Island in Montenegro

Mamula (Мамула), also known colloquially as Lastavica, is an uninhabited islet in the Adriatic Sea, within the southwestern Montenegrin municipality of Herceg Novi.

Mamula is located between Prevlaka and Luštica peninsulas at the entrance to the Bay of Kotor. This small islet is of circular shape, and is 200m in diameter. It is 3.4 nmi away from Herceg Novi.

==History==
During the period of the Venetian Republic rule, the island was known as Rondina.

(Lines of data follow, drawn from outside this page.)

lemma hamvf_sum_CX:
  assumes s: "s < m" and kk: "kk < n" and l: "l < n"
  shows "(\<Sum>r<m. \<Sum>i<n. \<Sum>j<n. ypred_blk m n k p r j i * qpb m n p (CY r i j) (CX s kk l))
       = (- (bigY m n p ^\<^sub>m (k - 1)) - bigX m n p * bigY m n p ^\<^sub>m k) $$ (s * n + kk, cs m s * n + l)"
proof -
  have cps: "cp m s < m" and css: "cs m s < m" using cp_less cs_less m1 by auto
  have bracket: "qpb m n p (CY r i j) (CX s kk l) = - (kd r s * (kd i l * kd kk j
      + 1/2 * (\<Sum>q<n. p (CY s i q) * p (CX s q l)) * kd kk j
      + 1/2 * kd i l * (\<Sum>q<n. p (CX s kk q) * p (CY s q j)))
      - 1/2 * kd r (cp m s) * p (CX s i l) * p (CY (cp m s) kk j)
      + 1/2 * kd r (cs m s) * p (CY (cs m s) i l) * p (CX s kk j))" for r i j
    by (simp add: qpb_def)
  define S1 where "S1 r = (\<Sum>i<n. \<Sum>j<n. ypred_blk m n k p r j i * (kd i l * kd kk j
      + 1/2 * (\<Sum>q<n. p (CY s i q) * p (CX s q l)) * kd kk j
      + 1/2 * kd i l * (\<Sum>q<n. p (CX s kk q) * p (CY s q j))))" for r
  define S2 where "S2 r = (\<Sum>i<n. \<Sum>j<n. ypred_blk m n k p r j i * (p (CX s i l) * p (CY (cp m s) kk j)))" for r
  define S3 where "S3 r = (\<Sum>i<n. \<Sum>j<n. ypred_blk m n k p r j i * (p (CY (cs m s) i l) * p (CX s kk j)))" for r
  have inner: "(\<Sum>i<n. \<Sum>j<n. ypred_blk m n k p r j i * qpb m n p (CY r i j) (CX s kk l))
      = - (kd r s * S1 r) + 1/2 * (kd r (cp m s) * S2 r) - 1/2 * (kd r (cs m s) * S3 r)" for r
  proof -
    have "- (kd r s * S1 r) + 1/2 * (kd r (cp m s) * S2 r) - 1/2 * (kd r (cs m s) * S3 r)
      = (\<Sum>i<n. \<Sum>j<n. - (kd r s * (ypred_blk m n k p r j i * (kd i l * kd kk j
      + 1/2 * (\<Sum>q<n. p (CY s i q) * p (CX s q l)) * kd kk j
      + 1/2 * kd i l * (\<Sum>q<n. p (CX s kk q) * p (CY s q j)))))
      + 1/2 * (kd r (cp m s) * (ypred_blk m n k p r j i * (p (CX s i l) * p (CY (cp m s) kk j))))
      - 1/2 * (kd r (cs m s) * (ypred_blk m n k p r j i * (p (CY (cs m s) i l) * p (CX s kk j)))))"
      unfolding S1_def S2_def S3_def
      by (simp only: sum.distrib sum_subtractf sum_negf sum_distrib_left)
    also have "\<dots> = (\<Sum>i<n. \<Sum>j<n. ypred_blk m n k p r j i * qpb m n p (CY r i j) (CX s kk l))"
      unfolding bracket by (intro sum.cong refl) (simp add: algebra_simps)
    finally show ?thesis ..
  qed
  have "(\<Sum>r<m. \<Sum>i<n. \<Sum>j<n. ypred_blk m n k p r j i * qpb m n p (CY r i j) (CX s kk l))
      = (\<Sum>r<m. - (kd r s * S1 r) + 1/2 * (kd r (cp m s) * S2 r) - 1/2 * (kd r (cs m s) * S3 r))"
    by (simp only: inner)
  also have "\<dots> = - (\<Sum>r<m. kd r s * S1 r) + 1/2 * (\<Sum>r<m. kd r (cp m s) * S2 r) - 1/2 * (\<Sum>r<m. kd r (cs m s) * S3 r)"
    by (simp only: sum.distrib sum_subtractf sum_negf sum_distrib_left)
  also have "\<dots> = - S1 s + 1/2 * S2 (cp m s) - 1/2 * S3 (cs m s)"
    by (simp only: sum_kd(1)[OF s] sum_kd(1)[OF cps] sum_kd(1)[OF css])
  also have "S1 s = ypred_blk m n k p s kk l + 1/2 * (\<Sum>q<n. ydiag_blk m n k p s kk q * p (CX s q l))
      + 1/2 * (\<Sum>q<n. p (CX s kk q) * ydiag_blk m n k p (cs m s) q l)"
    unfolding S1_def by (rule ypred_blk_contract_diag_bracket[OF s kk l])
  also have "S2 (cp m s) = (\<Sum>i<n. ydiag_blk m n k p s kk i * p (CX s i l))"
  proof -
    have "S2 (cp m s) = (\<Sum>i<n. (\<Sum>j<n. p (CY (cp m s) kk j) * ypred_blk m n k p (cp m s) j i) * p (CX s i l))"
      unfolding S2_def sum_distrib_right by (intro sum.cong refl) (simp add: mult_ac)
    also have "\<dots> = (\<Sum>i<n. ydiag_blk m n k p (cs m (cp m s)) kk i * p (CX s i l))"
      using Y_mult_ypred_blk[OF m1 k1 cps kk] by simp
    finally show ?thesis using cs_cp[OF m1 s] by simp
  qed
  also have "S3 (cs m s) = (\<Sum>j<n. p (CX s kk j) * ydiag_blk m n k p (cs m s) j l)"
  proof -
    have "S3 (cs m s) = (\<Sum>j<n. p (CX s kk j) * (\<Sum>i<n. ypred_blk m n k p (cs m s) j i * p (CY (cs m s) i l)))"
      unfolding S3_def sum_distrib_left by (subst sum.swap) (intro sum.cong refl, simp add: mult_ac)
    also have "\<dots> = (\<Sum>j<n. p (CX s kk j) * ydiag_blk m n k p (cs m s) j l)"
      using ypred_blk_mult_Y[OF m1 k1 css _ l] by simp
    finally show ?thesis .
  qed
  finally have "(\<Sum>r<m. \<Sum>i<n. \<Sum>j<n. ypred_blk m n k p r j i * qpb m n p (CY r i j) (CX s kk l))
      = - ypred_blk m n k p s kk l - (\<Sum>j<n. p (CX s kk j) * ydiag_blk m n k p (cs m s) j l)"
    by (simp add: algebra_simps)
  then show ?thesis using xvelocity_block_entry[OF m1 k1 s kk l] by simp
qed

The island has a fort, built in 1853 by Austro-Hungarian general Lazar Mamula. The fort takes up about 90% of the island's surface area. Along with the fortification on Prevlaka's Cape Oštro as well as Arza fortification on Luštica's Cape Arza, both of which were erected at the same time also on suggestion by general Lazar Mamula, fort Mamula was part of the Austro-Hungarian Army's contingency plans of preventing the enemy entrance into the Bay of Kotor.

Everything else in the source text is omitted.